GIMAF executive manager, Tony Russell, said that while country to country trade protocols on the surface are always agreements between governments, the industry plays a vital part in helping craft and support the content of such agreements through a major consultative process.
“This is an established protocol that normally rolls over every three years, however for the latest renewal China proposed additional quarantine considerations that required thorough examination and detailed industry planning to propose practical solutions,” Mr Russell said.
“Quarantine is an important trade issue because the rules between countries have to be sensible, scientifically based, effective and practically achievable – something that sounds simple, but in reality can be quite complex because issues, concerns and the science surrounding them can change over time.
“Dealing with issues like this is precisely why GIMAF was formed, because input is needed from right across the industry.
“Resolving the new wheat and barley protocol has been a long process involving numerous discussions between industry members and briefings with Department of Agriculture officials, all during the sensitive period when the China-Australia Free Trade Agreement was being negotiated.
“GIMAF has coordinated several industry forums involving exporters and growers over the period including the most recent one in Melbourne just prior to Christmas. Then earlier this month GIMAF coordinated an industry tour for Chinese quarantine officials to confirm first-hand their understanding of the Australian grain export chain, visiting research facilities, a typical farm, a country storage and delivery facility, and a bulk export terminal.
“We felt that thanks to the effort of all those involved with the tour, the delegation gained a strong appreciation of the industry’s coordinated approach to biosecurity matters – hence their willingness to initial the agreement during the visit, ahead of formal signing in April.
“GIMAF would like to place on record its appreciation for the efforts of Minister Joyce and the team within the Department of Agriculture for their work and positive cooperation with the industry on this issue,” Mr Russell said.
Further information: Tony Russell, executive manager, GIMAF ph 0419 890 669

See over for further information about GIMAF and exports to China

About GIMAF
GIMAF was established in 2011 by the grain industry to work together with the Australian government and its agencies to develop and implement international market access plans for the grains, fodder and seeds industries. Its members are the peak industry bodies: the Australia Grain Exporters Association, Australian Fodder Industry Association, Australian Oilseeds Federation, Australian Seeds Federation, Grain Producers Australia and Pulse Australia.
About wheat and barley trade with China
Australia has exported wheat and barley to China since the early 1960s and it remains one of the most important markets for Australian cereals.
Australian export statistics to China (source: ABARES and GIMAF)
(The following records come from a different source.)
definition op_lin :: "(fn list \<Rightarrow> fvec) \<Rightarrow> fvec \<Rightarrow> fvec" where
  "op_lin T v = concat (map (\<lambda>(c, gs). vscale c (T gs)) v)"

definition acre :: "fn \<Rightarrow> fn list \<Rightarrow> fvec" where
  "acre f gs = [(1, f # gs)]"

definition aann :: "real \<Rightarrow> fn \<Rightarrow> fn list \<Rightarrow> fvec" where
  "aann q f gs = map (\<lambda>k. (q ^ k * l2inner f (gs ! k), take k gs @ drop (Suc k) gs))
                     [0..<length gs]"

definition pop :: "real \<Rightarrow> fn \<Rightarrow> fn list \<Rightarrow> fvec" where
  "pop q f gs = map (\<lambda>k. (q ^ k, (\<lambda>x. f x * (gs ! k) x) # (take k gs @ drop (Suc k) gs)))
                    [0..<length gs]"

text \<open>Centered q-Poisson process X(t) = a*(1_[0,t)) + a(1_[0,t)) + p(1_[0,t)).\<close>
definition Xop :: "real \<Rightarrow> real \<Rightarrow> fvec \<Rightarrow> fvec" where
  "Xop q t = op_lin (\<lambda>gs. acre (indicator {0..<t}) gs @ aann q (indicator {0..<t}) gs
                          @ pop q (indicator {0..<t}) gs)"

definition is_subdiv :: "real \<Rightarrow> real list \<Rightarrow> bool" where
  "is_subdiv t as \<longleftrightarrow> 2 \<le> length as \<and> sorted_wrt (<) as \<and> hd as = 0 \<and> last as = t"

definition mesh :: "real list \<Rightarrow> real" where
  "mesh as = Max (set (map (\<lambda>(a, b). b - a) (zip as (tl as))))"

text \<open>psi_m(t; I) applied to the vacuum.\<close>
definition psi_vec :: "real \<Rightarrow> nat \<Rightarrow> real list \<Rightarrow> fvec" where
  "psi_vec q m as =
     (let N = length as - 1;
          Xi = (\<lambda>i v. vsub (Xop q (as ! Suc i) v) (Xop q (as ! i) v))
      in concat (map (\<lambda>u. foldr Xi u Omega) (filter distinct (List.n_lists m [0..<N]))))"

definition qnum :: "real \<Rightarrow> nat \<Rightarrow> real" where
  "qnum q n = (\<Sum>i<n. q ^ i)"

text \<open>C_{q,m}(x,t) as a polynomial in x; C_{-1} = 0, C_0 = 1,
  C_{m+1} = x C_m - [m]_q C_m - t [m]_q C_{m-1}.\<close>
fun Cq :: "real \<Rightarrow> real \<Rightarrow> nat \<Rightarrow> real poly" where
  "Cq q t 0 = 1"
| "Cq q t (Suc 0) = [:0, 1:] * 1 - smult (qnum q 0) 1 - smult (t * qnum q 0) 0"
| "Cq q t (Suc (Suc m)) = [:0, 1:] * Cq q t (Suc m) - smult (qnum q (Suc m)) (Cq q t (Suc m))
       - smult (t * qnum q (Suc m)) (Cq q t m)"

definition opoly :: "real poly \<Rightarrow> (fvec \<Rightarrow> fvec) \<Rightarrow> fvec \<Rightarrow> fvec" where
  "opoly p A v = concat (map (\<lambda>i. vscale (coeff p i) ((A ^^ i) v)) [0..<Suc (degree p)])"

end

theory Submission
  imports Defs
begin

text \<open>
  Fix a subdivision 0 = a_0 < ... < a_N = t with cells I_i = [a_i, a_(i+1)) of widths w_i.
  All functions that occur are step functions for it, so every vector that occurs is determined
  by its coefficient arrays c_k(u), u in {0..N-1}^k, with respect to the simple tensors
  1_(I_u1) (x) ... (x) 1_(I_uk), and in these coordinates the q-inner product is
  sum_k sum_sigma q^inv(sigma) sum_u w_u1 ... w_uk c_k(u) c'_k(u o sigma^-1).
  The increment X_i acts on a tensor of indicators of cells different from I_i by creation only,
  so psi_m(t; I) Omega has coefficient 1 exactly on the injective multi-indices of length m.
  The recursion of C_(q,m) is exactly the action of X(t) on 1_[0,t)^(x)m, so C_(q,m)(X(t)) Omega
  has coefficient 1 on all multi-indices of length m. The difference is carried by the
  non-injective multi-indices, whose total weight is at most m^2 * mesh * t^(m-1); with |q| <= 1
  the squared norm is at most m! m^2 t^(m-1) mesh.
\<close>

lemma sum_list_map_upt: "sum_list (map f [0..<n]) = (\<Sum>i<n. f i)"
  by (simp add: sum_set_upt_conv_sum_list_nat[symmetric] atLeast0LessThan)

lemma nth_take_drop_Suc:
  "j < length xs - 1 \<Longrightarrow> (take p xs @ drop (Suc p) xs) ! j = xs ! (if j < p then j else Suc j)"
  by (auto simp: nth_append min_def)

definition insert_at :: "nat \<Rightarrow> 'a \<Rightarrow> (nat \<Rightarrow> 'a) \<Rightarrow> nat \<Rightarrow> 'a" where
  "insert_at p x u j = (if j < p then u j else if j = p then x else u (j - 1))"
theorem lemma5:
  fixes p :: "nat \<Rightarrow> complex" and K :: "complex set" and f :: "complex \<Rightarrow> real"
    and \<alpha> \<beta> \<gamma> :: real and g :: "real \<Rightarrow> real"
  assumes "unit_equilateral p"
    and "sg_attractor p K"
    and "sg_harmonic p K f"
    and "f (p 0) = \<alpha>" and "f (p 1) = \<beta>" and "f (p 2) = \<gamma>"
    and "\<And>t. g t = f (p 1 + of_real t * (p 2 - p 1))"
  shows "(2 * \<beta> = \<alpha> + \<gamma> \<longrightarrow> (g has_real_derivative 0) (at 0 within {0..1})) \<and>
         (2 * \<beta> \<noteq> \<alpha> + \<gamma> \<longrightarrow>
            (filterlim (\<lambda>t. (g t - g 0) / t) at_top (at_right 0) \<or>
             filterlim (\<lambda>t. (g t - g 0) / t) at_bot (at_right 0))) \<and>
         (2 * \<gamma> = \<alpha> + \<beta> \<longrightarrow> (g has_real_derivative 0) (at 1 within {0..1})) \<and>
         (2 * \<gamma> \<noteq> \<alpha> + \<beta> \<longrightarrow>
            (filterlim (\<lambda>t. (g t - g 1) / (t - 1)) at_top (at_left 1) \<or>
             filterlim (\<lambda>t. (g t - g 1) / (t - 1)) at_bot (at_left 1)))"
proof -
  interpret sg_harmonic_function p K f
    using assms(2,3) by unfold_locales
  have g_edge: "g t = f (sg_edge p 1 2 t)" for t
    using assms(7) by (simp add: sg_edge_def)
  have g_reverse: "g (1 - t) = f (sg_edge p 2 1 t)" for t
    unfolding g_edge sg_edge_reverse [of p 2 1] ..
  have slope_0: "(\<lambda>t. (g t - g 0) / t) = (\<lambda>t. (f (sg_edge p 1 2 t) - f (p 1)) / t)"
    by (simp add: g_edge)
  have slope_1: "(\<lambda>t. (g (1 - t) - g 1) / t) = (\<lambda>t. (f (sg_edge p 2 1 t) - f (p 2)) / t)"
    using g_reverse [of 0] by (simp add: g_reverse)
  have "{1,2,0} = {0,1,2::nat}" "{2,1,0} = {0,1,2::nat}"
    by auto
  from this [THEN edge_slope_at_vertex] assms(4-6) show ?thesis
    unfolding has_real_derivative_0_at_0_iff has_real_derivative_0_at_1_iff filterlim_slope_at_left_1_iff
      filterlim_uminus_at_top [symmetric] filterlim_uminus_at_bot [symmetric] slope_0 slope_1
    by auto
qed

end
text \<open>Averaging \<open>|\<Sum>\<^sub>i \<lambda>\<^sub>i p\<^bsub>\<sigma> i\<^esub>|\<^sup>2\<close> over all permutations, for unimodular weights
  \<open>\<lambda>\<close> summing to zero: the cross terms cancel and only second moments of \<open>p\<close> remain.\<close>

lemma permutation_average_sq:
  fixes p :: "nat \<Rightarrow> real" and lam :: "nat \<Rightarrow> complex"
  assumes n: "n \<ge> 2" and lam_sum: "(\<Sum>i<n. lam i) = 0"
    and lam_norm: "\<And>i. i < n \<Longrightarrow> cmod (lam i) = 1"
  shows "(\<Sum>\<sigma>\<in>{\<sigma>. \<sigma> permutes {..<n}}. (cmod (\<Sum>i<n. lam i * of_real (p (\<sigma> i))))\<^sup>2) =
    fact n * ((\<Sum>i<n. (p i)\<^sup>2) - ((\<Sum>i<n. p i)\<^sup>2 - (\<Sum>i<n. (p i)\<^sup>2)) / (real n - 1))"
proof -
  let ?P = "{\<sigma>. \<sigma> permutes {..<n}}"
  define a where "a = (\<Sum>\<sigma>\<in>?P. p (\<sigma> 0) * p (\<sigma> 0))"
  define b where "b = (\<Sum>\<sigma>\<in>?P. p (\<sigma> 0) * p (\<sigma> 1))"
  define c where "c i k = lam i * cnj (lam k)" for i k
  have c_diag: "c i i = 1" if "i < n" for i
    unfolding c_def using complex_norm_square[of "lam i"] lam_norm[OF that] by simp
  have c_sum: "(\<Sum>i<n. \<Sum>k<n. c i k) = 0"
    unfolding c_def using lam_sum by (simp add: sum_product[symmetric] cnj_sum[symmetric])
  have "complex_of_real (\<Sum>\<sigma>\<in>?P. (cmod (\<Sum>i<n. lam i * of_real (p (\<sigma> i))))\<^sup>2) =
      (\<Sum>\<sigma>\<in>?P. \<Sum>i<n. \<Sum>k<n. c i k * of_real (p (\<sigma> i) * p (\<sigma> k)))"
    unfolding of_real_sum complex_norm_square c_def
    by (simp add: sum_product cnj_sum mult_ac)
  also have "\<dots> = (\<Sum>i<n. \<Sum>k<n. c i k * of_real (\<Sum>\<sigma>\<in>?P. p (\<sigma> i) * p (\<sigma> k)))"
    unfolding of_real_sum by (simp add: sum.swap[of _ ?P] sum_distrib_left)
  also have "\<dots> = (\<Sum>i<n. \<Sum>k<n. c i k * of_real (if i = k then a else b))"
  proof (intro sum.cong refl)
    fix i k assume "i \<in> {..<n}" "k \<in> {..<n}"
    then have "i < n" "k < n" by auto
    then show "c i k * of_real (\<Sum>\<sigma>\<in>?P. p (\<sigma> i) * p (\<sigma> k)) = c i k * of_real (if i = k then a else b)"
      unfolding a_def b_def by (subst sum_permutations_pair[OF n]) simp_all
  qed
  also have "\<dots> = (\<Sum>i<n. \<Sum>k<n. c i k * of_real b + (if i = k then c i k * of_real (a - b) else 0))"
    by (intro sum.cong refl) (simp add: algebra_simps)
  also have "\<dots> = (\<Sum>i<n. \<Sum>k<n. c i k) * of_real b + (\<Sum>i<n. c i i * of_real (a - b))"
    by (simp add: sum.distrib sum_distrib_right)
  also have "\<dots> = of_real (real n * (a - b))"
    using c_diag c_sum by simp
  finally have avg: "(\<Sum>\<sigma>\<in>?P. (cmod (\<Sum>i<n. lam i * of_real (p (\<sigma> i))))\<^sup>2) = real n * (a - b)"
    using of_real_eq_iff by blast
  have n1: "real n - 1 > 0" using n by simp
  from permutation_second_moments[OF n, of p, folded a_def b_def] n1
  have "real n * b = fact n * ((\<Sum>i<n. p i)\<^sup>2 - (\<Sum>i<n. (p i)\<^sup>2)) / (real n - 1)"
    "real n * a = fact n * (\<Sum>i<n. (p i)\<^sup>2)"
    by (simp_all add: field_simps)
  then show ?thesis unfolding avg by (simp add: algebra_simps)
qed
Quantity(tonnes) 2013 2014
Wheat 870,554 2,000,000
Malting Barley 1,053,174 1,000,000
Feed Barley 705,326 700,000

Value ($A) 2013 2014
Wheat $283,306,303 $700,000,000
Malting Barley $300,000,000 $280,000,000
Feed Barley $180,000,000 $160,000,000
Total $763,306,303 $1,140,000,000

18.02.2015 Market Access News Comments Off on New Wheat & Barley Protocol agreed with China

New Wheat & Barley Protocol agreed with China

The trade in wheat and barley from Australia to China is set to continue under a new protocol which will formally commence in April this year. Discussions for the new protocol have been on-going for over 12 months following concerns raised by Chinese quarantine agency AQSIQ about a number of weed seeds and pests in Australian cereal exports received in China.
AQSIQ has agreed to an Industry Management Plan under which shipments of wheat and barley to China will be executed in accordance with the requirements spelled out in the Department of Agriculture’s MICoR database. The outcome of the plan is to reduce the level of specified weed seeds and pests in shipments to China.
An import permit will also be required before exporters finalise contracts with Chinese buyers under the new protocol.
AQSIQ officials visited Australia in the first week of February this year to see first hand the critical control points that our industry has in the supply chain to manage weed seeds and pests from production through to shipment. The new protocol was initialled by Dr Zhao Hanqing from AQSIQ and Dr Vanessa Findlay from Department of Agriculture in Canberra and is scheduled for formal signing in Beijing in April this year.